▶ _WHAT THIS TASK INVOLVES_: Your answer should be only the lines below from the one with "from \<open>A a\<close> to" to the one with "y \<in> S \<Longrightarrow> f", repeated exactly, ends included.

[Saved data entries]
((

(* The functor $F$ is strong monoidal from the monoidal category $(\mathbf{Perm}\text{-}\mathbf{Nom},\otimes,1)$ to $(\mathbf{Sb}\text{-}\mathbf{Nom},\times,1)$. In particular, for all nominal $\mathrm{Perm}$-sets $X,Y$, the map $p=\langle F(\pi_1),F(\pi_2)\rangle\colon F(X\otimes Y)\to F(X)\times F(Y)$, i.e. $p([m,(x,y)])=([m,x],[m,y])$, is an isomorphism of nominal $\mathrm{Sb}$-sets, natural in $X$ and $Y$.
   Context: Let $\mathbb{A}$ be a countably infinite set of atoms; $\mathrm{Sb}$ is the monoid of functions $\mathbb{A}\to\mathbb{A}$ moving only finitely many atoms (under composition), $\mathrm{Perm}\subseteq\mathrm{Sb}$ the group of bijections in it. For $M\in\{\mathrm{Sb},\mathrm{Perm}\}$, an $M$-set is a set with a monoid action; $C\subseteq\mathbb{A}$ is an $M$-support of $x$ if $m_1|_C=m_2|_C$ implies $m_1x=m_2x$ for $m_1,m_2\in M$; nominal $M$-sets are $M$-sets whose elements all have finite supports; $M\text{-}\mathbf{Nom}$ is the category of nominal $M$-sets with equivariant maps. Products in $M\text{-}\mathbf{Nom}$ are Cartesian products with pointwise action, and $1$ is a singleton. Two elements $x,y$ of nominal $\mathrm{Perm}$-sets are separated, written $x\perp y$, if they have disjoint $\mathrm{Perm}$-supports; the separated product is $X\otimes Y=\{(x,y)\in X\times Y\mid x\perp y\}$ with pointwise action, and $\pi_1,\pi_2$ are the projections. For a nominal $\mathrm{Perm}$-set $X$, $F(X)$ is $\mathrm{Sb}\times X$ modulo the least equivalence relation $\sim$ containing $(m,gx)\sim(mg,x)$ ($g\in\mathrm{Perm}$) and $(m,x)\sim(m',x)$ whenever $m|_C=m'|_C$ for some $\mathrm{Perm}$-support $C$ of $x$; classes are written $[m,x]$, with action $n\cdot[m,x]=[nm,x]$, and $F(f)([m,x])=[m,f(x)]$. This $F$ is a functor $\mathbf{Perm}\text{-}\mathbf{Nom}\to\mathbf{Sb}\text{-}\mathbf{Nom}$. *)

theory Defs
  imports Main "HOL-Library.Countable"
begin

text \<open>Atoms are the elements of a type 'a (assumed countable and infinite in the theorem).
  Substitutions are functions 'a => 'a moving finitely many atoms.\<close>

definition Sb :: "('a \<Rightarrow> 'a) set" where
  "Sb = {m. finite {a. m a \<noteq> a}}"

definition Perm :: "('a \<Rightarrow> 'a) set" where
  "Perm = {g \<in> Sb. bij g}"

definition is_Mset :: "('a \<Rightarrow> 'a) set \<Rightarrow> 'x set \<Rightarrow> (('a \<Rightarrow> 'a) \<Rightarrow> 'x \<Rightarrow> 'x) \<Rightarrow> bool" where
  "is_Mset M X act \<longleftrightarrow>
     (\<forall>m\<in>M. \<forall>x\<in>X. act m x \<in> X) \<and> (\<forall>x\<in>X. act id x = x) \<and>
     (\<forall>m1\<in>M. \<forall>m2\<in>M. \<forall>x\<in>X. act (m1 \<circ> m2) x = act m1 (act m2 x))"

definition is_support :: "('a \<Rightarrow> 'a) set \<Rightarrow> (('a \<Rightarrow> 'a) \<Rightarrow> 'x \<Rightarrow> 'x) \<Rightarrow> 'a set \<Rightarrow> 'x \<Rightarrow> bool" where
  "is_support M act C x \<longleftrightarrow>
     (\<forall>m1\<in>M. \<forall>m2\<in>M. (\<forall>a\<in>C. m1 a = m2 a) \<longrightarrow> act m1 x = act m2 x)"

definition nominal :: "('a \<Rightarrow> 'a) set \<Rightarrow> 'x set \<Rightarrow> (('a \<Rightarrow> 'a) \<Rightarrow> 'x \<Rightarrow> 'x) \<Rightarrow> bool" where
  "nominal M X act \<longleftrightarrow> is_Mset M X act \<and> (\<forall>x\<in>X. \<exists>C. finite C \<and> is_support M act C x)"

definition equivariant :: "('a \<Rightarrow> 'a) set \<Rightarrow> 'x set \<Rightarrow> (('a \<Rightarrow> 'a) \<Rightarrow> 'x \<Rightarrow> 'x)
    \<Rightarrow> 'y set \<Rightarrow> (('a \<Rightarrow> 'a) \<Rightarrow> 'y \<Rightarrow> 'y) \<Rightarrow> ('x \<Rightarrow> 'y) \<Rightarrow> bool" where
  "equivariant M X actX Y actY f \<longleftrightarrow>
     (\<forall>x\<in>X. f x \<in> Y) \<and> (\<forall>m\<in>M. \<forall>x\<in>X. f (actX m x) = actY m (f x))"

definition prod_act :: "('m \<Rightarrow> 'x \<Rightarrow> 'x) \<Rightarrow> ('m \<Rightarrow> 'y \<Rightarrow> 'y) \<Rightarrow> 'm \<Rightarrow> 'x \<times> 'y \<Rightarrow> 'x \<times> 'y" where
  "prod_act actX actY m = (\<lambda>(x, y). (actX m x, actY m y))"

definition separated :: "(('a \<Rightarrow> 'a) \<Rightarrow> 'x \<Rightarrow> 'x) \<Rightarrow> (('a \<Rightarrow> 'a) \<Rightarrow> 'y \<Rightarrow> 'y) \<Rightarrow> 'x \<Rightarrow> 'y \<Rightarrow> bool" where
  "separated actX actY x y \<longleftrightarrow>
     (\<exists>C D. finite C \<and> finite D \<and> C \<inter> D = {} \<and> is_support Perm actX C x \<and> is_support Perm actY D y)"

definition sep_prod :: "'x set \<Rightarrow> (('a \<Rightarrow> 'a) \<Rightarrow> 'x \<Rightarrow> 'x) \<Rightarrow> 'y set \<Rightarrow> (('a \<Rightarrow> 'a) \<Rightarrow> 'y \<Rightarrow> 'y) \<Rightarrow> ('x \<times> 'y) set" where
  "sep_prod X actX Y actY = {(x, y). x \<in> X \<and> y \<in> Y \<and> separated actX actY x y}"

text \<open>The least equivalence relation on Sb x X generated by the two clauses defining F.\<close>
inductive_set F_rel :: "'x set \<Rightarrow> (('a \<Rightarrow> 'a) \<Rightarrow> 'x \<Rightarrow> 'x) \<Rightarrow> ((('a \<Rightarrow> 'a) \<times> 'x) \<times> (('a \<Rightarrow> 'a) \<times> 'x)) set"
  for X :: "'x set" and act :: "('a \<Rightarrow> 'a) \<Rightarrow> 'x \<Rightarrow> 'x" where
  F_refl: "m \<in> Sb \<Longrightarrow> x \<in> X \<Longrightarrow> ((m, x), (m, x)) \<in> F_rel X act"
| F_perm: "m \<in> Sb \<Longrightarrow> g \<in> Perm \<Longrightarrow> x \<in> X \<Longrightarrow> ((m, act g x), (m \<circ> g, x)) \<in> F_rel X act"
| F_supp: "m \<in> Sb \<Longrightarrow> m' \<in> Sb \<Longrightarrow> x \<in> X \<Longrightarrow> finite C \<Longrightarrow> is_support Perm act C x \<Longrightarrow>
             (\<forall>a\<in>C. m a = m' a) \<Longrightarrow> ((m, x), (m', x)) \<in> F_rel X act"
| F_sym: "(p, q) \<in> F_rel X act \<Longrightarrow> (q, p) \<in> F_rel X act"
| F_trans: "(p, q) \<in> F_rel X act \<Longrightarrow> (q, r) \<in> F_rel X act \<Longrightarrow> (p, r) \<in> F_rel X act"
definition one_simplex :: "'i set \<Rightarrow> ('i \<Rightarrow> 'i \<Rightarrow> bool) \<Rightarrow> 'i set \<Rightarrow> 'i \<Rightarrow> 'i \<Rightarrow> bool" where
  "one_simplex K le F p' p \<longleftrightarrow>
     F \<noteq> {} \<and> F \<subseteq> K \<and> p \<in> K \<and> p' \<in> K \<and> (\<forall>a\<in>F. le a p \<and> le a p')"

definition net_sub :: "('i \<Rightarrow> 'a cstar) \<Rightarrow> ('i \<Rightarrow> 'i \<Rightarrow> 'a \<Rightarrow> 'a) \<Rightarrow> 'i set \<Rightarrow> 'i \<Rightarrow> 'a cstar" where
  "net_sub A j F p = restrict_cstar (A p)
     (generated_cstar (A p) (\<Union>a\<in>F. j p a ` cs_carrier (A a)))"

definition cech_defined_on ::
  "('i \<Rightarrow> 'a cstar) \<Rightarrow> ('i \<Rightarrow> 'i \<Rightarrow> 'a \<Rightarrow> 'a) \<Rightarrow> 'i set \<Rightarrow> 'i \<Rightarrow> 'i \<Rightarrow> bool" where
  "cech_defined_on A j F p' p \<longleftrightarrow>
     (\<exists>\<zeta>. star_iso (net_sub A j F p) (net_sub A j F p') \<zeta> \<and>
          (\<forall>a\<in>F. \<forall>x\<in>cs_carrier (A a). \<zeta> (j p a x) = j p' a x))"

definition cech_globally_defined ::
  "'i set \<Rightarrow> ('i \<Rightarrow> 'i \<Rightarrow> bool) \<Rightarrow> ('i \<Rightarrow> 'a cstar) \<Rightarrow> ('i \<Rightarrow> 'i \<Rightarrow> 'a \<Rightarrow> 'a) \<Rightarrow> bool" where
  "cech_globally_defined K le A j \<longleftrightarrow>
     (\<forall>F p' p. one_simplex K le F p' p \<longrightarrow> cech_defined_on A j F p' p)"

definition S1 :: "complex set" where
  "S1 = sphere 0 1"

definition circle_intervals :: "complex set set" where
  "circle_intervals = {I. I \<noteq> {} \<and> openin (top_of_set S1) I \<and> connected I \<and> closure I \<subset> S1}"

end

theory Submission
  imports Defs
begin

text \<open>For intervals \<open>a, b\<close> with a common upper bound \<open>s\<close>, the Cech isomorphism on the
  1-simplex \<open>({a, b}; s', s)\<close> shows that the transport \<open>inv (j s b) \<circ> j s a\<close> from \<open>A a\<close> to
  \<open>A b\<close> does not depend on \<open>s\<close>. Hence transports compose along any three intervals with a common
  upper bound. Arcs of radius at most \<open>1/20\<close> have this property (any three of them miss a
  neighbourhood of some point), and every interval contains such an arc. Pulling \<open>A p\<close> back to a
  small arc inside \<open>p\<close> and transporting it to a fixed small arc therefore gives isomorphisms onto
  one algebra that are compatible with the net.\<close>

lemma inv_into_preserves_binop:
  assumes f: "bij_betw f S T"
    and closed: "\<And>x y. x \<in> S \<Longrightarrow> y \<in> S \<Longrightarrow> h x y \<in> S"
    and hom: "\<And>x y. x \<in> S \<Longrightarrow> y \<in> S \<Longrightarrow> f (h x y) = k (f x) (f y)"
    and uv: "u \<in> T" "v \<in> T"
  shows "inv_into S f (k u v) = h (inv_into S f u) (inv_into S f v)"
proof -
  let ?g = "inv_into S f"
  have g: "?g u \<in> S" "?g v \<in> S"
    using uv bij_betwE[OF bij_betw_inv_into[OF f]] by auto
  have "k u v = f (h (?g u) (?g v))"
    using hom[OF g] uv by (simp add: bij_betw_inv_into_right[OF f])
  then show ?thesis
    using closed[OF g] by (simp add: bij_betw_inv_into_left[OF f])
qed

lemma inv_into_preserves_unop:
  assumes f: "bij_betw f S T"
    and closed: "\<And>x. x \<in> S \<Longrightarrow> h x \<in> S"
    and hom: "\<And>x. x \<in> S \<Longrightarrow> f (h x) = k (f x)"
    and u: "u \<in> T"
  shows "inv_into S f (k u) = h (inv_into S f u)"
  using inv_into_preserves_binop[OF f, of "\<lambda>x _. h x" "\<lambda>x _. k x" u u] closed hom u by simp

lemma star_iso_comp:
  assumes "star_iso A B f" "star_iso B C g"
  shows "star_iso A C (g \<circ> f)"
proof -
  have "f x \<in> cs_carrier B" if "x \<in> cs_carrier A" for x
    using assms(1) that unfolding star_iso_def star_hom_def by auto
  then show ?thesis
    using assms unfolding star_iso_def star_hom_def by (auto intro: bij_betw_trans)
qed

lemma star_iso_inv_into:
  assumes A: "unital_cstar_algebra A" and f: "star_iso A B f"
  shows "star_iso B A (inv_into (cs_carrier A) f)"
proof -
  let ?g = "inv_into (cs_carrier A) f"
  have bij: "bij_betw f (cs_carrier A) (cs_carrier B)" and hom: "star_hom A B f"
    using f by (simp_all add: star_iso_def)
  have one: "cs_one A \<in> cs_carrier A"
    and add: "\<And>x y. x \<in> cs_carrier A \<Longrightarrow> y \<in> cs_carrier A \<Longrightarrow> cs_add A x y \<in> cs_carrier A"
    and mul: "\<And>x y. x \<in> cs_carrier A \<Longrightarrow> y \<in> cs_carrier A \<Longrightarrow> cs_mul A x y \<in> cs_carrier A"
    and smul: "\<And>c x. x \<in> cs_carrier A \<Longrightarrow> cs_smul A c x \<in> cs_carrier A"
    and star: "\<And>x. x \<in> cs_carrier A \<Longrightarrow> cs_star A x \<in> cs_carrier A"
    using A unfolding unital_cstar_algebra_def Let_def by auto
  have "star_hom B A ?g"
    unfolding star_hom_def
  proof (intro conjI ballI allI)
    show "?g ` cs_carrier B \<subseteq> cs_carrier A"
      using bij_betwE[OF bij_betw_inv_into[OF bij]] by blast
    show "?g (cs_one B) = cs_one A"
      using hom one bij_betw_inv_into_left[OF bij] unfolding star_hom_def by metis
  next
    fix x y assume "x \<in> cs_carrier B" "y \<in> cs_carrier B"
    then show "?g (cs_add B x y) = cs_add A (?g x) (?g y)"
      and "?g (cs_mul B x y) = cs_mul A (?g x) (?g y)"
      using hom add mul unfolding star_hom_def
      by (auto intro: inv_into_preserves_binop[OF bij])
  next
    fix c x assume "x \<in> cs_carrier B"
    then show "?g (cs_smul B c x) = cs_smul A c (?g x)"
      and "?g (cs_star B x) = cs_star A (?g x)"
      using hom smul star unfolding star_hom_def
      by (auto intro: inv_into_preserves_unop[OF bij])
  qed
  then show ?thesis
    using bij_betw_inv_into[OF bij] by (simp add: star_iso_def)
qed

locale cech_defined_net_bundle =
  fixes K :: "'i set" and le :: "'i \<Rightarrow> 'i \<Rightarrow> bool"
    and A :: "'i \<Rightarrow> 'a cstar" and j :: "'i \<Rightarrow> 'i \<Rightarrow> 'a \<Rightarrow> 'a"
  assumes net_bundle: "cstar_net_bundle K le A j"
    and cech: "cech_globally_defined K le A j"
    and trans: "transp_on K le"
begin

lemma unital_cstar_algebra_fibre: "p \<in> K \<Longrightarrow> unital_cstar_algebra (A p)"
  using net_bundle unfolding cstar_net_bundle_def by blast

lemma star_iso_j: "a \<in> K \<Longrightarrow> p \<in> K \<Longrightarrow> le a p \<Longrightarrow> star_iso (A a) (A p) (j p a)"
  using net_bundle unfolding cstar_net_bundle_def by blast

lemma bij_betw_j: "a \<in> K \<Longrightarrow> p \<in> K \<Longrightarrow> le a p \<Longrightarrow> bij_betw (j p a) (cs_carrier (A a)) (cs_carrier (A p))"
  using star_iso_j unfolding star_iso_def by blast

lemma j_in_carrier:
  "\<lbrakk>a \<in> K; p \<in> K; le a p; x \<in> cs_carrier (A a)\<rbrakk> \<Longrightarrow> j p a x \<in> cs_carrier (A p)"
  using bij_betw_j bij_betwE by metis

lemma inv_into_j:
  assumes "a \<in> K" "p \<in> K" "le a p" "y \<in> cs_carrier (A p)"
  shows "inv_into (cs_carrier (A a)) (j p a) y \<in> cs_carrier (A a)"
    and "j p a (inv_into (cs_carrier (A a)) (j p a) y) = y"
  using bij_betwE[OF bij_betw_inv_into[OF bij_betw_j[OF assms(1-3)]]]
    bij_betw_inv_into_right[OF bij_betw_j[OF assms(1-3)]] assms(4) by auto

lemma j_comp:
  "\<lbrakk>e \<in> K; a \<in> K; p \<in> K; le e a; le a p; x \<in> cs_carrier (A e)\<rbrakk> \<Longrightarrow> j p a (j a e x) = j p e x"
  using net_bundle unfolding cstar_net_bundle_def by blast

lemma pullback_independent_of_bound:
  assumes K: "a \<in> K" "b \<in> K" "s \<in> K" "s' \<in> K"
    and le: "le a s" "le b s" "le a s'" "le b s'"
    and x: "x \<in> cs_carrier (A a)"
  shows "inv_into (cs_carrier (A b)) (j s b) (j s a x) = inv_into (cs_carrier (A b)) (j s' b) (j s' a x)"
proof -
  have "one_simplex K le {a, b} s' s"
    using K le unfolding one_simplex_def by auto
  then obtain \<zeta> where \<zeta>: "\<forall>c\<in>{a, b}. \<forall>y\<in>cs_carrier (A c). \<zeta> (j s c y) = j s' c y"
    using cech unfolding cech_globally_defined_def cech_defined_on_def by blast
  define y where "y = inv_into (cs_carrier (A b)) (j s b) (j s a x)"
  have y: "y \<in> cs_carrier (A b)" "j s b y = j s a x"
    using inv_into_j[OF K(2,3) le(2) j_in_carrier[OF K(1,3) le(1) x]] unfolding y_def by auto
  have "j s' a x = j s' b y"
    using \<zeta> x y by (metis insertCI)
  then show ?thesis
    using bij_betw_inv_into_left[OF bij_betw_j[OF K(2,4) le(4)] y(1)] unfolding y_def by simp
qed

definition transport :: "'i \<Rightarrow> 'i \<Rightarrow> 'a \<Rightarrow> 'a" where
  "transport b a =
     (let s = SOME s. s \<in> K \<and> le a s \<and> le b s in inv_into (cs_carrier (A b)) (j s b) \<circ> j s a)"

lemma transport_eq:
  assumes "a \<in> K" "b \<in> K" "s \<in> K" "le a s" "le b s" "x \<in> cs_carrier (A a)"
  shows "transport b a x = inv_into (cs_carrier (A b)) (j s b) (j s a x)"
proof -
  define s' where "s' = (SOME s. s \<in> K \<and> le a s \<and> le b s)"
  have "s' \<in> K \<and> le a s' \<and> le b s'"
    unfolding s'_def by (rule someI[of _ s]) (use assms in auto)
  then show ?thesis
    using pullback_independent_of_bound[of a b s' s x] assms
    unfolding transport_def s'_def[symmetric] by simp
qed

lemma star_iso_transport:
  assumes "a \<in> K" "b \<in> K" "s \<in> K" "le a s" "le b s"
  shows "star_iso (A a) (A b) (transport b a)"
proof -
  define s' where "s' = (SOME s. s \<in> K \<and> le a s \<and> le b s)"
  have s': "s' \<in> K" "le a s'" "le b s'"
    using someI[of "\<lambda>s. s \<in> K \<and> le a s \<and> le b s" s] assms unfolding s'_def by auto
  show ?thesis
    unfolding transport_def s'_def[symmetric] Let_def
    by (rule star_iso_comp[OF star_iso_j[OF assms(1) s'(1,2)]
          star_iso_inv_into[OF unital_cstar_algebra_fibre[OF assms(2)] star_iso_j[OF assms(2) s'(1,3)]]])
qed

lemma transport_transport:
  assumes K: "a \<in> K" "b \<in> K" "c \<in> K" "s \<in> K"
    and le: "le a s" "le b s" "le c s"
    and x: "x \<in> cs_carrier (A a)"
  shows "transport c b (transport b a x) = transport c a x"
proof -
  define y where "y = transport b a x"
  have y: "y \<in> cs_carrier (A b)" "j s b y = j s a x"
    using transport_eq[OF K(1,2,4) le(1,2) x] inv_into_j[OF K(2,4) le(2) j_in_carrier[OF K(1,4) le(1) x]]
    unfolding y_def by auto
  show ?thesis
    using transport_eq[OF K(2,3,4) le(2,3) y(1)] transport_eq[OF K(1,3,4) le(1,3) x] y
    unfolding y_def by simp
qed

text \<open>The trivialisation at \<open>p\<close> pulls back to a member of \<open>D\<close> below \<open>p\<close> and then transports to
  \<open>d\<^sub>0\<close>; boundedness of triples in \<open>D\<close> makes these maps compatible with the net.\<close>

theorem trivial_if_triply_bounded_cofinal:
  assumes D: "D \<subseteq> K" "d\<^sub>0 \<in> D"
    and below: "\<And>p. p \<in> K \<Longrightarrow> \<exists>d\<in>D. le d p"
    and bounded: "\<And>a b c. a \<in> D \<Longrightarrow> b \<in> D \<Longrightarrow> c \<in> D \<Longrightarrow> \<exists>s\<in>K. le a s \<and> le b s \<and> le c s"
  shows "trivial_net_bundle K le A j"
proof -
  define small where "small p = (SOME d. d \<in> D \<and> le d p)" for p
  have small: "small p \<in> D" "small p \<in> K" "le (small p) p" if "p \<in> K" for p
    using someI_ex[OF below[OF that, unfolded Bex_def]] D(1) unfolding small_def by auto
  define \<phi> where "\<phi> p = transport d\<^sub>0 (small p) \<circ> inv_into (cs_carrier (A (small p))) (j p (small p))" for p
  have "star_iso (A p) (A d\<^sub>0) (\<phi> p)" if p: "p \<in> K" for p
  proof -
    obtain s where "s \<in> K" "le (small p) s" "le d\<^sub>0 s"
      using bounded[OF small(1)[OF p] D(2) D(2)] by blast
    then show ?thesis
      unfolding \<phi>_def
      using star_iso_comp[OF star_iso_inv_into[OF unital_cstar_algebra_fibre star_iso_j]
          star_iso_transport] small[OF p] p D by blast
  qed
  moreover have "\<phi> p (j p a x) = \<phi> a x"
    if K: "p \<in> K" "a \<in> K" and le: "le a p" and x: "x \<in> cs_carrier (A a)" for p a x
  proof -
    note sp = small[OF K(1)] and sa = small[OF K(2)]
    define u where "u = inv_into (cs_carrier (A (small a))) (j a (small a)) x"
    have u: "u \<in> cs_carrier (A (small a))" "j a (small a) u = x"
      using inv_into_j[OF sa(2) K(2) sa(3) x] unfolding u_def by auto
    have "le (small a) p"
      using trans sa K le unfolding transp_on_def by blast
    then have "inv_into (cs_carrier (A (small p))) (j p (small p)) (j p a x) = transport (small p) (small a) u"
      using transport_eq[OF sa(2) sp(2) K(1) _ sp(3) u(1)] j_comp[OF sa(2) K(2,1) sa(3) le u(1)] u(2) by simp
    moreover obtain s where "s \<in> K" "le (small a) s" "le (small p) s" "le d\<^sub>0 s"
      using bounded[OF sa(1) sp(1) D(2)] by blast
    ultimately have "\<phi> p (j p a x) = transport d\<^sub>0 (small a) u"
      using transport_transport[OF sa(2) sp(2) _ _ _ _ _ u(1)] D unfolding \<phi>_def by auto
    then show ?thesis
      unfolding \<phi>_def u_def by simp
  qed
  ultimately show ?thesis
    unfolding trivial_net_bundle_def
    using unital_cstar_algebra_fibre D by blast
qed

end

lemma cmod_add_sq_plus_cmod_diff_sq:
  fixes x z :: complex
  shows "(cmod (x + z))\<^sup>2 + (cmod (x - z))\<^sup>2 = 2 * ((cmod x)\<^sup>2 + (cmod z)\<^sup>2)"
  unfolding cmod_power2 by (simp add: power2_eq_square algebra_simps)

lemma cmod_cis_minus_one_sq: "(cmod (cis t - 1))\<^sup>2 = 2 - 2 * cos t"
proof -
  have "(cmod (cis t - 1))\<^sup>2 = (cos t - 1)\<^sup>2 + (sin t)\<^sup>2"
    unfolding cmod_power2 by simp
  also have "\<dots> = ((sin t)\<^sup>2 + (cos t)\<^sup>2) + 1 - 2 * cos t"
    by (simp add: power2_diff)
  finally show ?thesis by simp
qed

))

▶ _REPLY TO THE TASK_:
  1-simplex \<open>({a, b}; s', s)\<close> shows that the transport \<open>inv (j s b) \<circ> j s a\<close> from \<open>A a\<close> to
  \<open>A b\<close> does not depend on \<open>s\<close>. Hence transports compose along any three intervals with a common
  upper bound. Arcs of radius at most \<open>1/20\<close> have this property (any three of them miss a
  neighbourhood of some point), and every interval contains such an arc. Pulling \<open>A p\<close> back to a
  small arc inside \<open>p\<close> and transporting it to a fixed small arc therefore gives isomorphisms onto
  one algebra that are compatible with the net.\<close>

lemma inv_into_preserves_binop:
  assumes f: "bij_betw f S T"
    and closed: "\<And>x y. x \<in> S \<Longrightarrow> y \<in> S \<Longrightarrow> h x y \<in> S"
    and hom: "\<And>x y. x \<in> S \<Longrightarrow> y \<in> S \<Longrightarrow> f (h x y) = k (f x) (f y)"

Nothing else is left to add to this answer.